▶ Supplied data:
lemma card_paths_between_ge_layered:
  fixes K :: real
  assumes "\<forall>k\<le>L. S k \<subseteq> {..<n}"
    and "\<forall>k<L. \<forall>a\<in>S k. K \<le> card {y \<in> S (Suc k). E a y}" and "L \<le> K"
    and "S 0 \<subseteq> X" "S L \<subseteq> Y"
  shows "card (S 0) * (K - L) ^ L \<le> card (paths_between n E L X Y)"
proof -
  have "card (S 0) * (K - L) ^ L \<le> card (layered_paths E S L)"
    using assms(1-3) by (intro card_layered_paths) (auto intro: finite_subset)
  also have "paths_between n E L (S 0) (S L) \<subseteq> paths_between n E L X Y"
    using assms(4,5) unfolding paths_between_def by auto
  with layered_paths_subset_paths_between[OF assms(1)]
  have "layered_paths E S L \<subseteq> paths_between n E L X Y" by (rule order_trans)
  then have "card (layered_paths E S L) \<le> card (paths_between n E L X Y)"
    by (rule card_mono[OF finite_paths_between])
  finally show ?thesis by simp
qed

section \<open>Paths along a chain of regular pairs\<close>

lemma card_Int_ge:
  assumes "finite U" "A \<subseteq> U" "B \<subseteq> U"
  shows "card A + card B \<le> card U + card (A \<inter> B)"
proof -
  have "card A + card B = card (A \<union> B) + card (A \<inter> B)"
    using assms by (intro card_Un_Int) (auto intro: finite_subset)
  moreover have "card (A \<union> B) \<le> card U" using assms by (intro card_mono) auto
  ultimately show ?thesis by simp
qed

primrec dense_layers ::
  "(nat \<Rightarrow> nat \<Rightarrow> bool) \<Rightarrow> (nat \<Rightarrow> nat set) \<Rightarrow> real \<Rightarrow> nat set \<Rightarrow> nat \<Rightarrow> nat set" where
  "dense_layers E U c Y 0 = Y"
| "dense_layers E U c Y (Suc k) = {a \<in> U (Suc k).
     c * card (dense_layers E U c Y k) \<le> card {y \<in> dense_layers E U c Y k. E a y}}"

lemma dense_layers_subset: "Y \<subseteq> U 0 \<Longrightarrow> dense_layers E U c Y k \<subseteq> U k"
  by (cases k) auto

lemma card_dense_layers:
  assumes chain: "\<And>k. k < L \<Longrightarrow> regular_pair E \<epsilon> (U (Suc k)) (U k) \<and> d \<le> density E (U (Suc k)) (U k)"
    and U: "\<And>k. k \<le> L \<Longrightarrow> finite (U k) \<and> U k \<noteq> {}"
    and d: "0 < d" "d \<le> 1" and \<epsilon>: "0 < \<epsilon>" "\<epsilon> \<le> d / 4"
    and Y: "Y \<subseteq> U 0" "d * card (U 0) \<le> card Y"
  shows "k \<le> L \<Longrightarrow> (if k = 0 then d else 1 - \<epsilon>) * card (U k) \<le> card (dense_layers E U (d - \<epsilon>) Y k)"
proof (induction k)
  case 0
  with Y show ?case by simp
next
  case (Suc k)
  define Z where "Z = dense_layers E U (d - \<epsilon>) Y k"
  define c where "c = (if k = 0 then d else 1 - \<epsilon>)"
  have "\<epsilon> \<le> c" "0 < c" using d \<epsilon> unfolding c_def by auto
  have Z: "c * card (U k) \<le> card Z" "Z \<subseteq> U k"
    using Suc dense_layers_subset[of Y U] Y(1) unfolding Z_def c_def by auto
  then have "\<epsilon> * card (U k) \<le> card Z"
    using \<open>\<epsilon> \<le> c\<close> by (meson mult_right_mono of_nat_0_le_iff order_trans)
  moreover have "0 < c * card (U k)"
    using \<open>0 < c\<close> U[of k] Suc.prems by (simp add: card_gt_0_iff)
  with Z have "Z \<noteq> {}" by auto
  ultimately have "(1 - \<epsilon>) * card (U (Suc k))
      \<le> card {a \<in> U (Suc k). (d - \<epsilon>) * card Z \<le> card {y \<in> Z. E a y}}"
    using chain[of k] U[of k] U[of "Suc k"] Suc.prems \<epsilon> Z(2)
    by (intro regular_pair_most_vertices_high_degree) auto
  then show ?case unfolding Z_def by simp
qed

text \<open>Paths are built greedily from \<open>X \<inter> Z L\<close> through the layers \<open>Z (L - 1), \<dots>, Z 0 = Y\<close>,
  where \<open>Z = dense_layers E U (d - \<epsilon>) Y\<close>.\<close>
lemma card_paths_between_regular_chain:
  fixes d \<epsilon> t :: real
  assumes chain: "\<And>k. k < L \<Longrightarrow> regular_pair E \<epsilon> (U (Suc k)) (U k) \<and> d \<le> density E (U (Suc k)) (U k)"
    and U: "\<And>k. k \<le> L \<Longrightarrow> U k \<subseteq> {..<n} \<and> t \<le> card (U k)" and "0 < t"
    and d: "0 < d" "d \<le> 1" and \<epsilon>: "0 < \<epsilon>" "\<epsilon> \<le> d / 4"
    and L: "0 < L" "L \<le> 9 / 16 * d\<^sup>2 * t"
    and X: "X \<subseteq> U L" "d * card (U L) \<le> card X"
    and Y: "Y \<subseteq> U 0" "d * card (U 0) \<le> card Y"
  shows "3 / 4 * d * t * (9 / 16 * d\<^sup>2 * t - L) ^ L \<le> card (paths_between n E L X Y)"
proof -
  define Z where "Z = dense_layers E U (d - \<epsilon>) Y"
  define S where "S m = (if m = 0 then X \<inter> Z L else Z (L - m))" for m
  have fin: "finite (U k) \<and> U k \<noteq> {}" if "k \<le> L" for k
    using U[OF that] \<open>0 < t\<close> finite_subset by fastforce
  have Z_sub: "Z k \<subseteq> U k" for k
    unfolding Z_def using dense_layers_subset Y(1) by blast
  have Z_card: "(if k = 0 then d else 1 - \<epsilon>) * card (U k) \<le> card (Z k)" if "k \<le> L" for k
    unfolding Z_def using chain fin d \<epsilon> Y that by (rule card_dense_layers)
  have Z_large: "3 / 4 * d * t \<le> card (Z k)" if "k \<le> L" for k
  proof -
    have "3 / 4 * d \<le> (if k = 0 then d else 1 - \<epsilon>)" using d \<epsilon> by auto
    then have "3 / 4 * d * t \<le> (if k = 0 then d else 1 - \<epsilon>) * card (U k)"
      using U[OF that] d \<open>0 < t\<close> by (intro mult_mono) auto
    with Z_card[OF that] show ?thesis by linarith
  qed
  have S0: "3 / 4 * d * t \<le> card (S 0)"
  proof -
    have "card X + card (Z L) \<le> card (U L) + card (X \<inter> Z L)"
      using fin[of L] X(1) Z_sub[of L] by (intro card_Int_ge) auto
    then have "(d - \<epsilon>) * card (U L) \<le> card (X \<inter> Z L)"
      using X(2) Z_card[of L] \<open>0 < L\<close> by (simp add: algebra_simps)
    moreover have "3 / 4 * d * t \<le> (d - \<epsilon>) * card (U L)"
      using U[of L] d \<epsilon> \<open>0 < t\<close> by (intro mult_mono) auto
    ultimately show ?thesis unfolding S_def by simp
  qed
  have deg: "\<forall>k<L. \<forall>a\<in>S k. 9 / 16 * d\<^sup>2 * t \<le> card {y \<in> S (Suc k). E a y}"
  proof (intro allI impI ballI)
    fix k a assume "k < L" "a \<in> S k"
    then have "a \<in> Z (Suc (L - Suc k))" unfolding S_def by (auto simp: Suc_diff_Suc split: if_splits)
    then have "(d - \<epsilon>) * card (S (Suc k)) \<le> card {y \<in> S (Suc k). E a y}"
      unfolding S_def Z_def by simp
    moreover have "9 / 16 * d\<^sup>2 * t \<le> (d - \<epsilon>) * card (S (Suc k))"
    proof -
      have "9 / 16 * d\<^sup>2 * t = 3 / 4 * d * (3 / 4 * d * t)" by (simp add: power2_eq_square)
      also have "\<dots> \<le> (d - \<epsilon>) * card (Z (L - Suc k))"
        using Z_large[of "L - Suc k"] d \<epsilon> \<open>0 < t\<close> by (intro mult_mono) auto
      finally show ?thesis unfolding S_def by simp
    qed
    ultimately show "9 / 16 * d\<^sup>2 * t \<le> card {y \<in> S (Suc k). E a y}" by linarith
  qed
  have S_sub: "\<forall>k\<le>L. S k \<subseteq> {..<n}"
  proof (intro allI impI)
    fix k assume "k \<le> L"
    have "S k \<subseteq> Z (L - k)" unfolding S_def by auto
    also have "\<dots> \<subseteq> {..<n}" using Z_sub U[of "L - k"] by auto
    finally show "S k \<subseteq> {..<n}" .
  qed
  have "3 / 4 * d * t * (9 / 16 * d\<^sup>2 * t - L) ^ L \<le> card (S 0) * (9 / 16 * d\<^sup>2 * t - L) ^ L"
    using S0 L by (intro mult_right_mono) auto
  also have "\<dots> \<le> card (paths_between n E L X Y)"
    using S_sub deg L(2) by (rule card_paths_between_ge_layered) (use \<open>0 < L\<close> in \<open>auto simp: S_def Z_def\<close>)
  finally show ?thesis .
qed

▶ Work to be completed: Identify the lines of the entries containing the string "assms". Copy each such line.

▶ Answer:
    using assms(1-3) by (intro card_layered_paths) (auto intro: finite_subset)
    using assms(4,5) unfolding paths_between_def by auto
  with layered_paths_subset_paths_between[OF assms(1)]
    using assms by (intro card_Un_Int) (auto intro: finite_subset)
  moreover have "card (A \<union> B) \<le> card U" using assms by (intro card_mono) auto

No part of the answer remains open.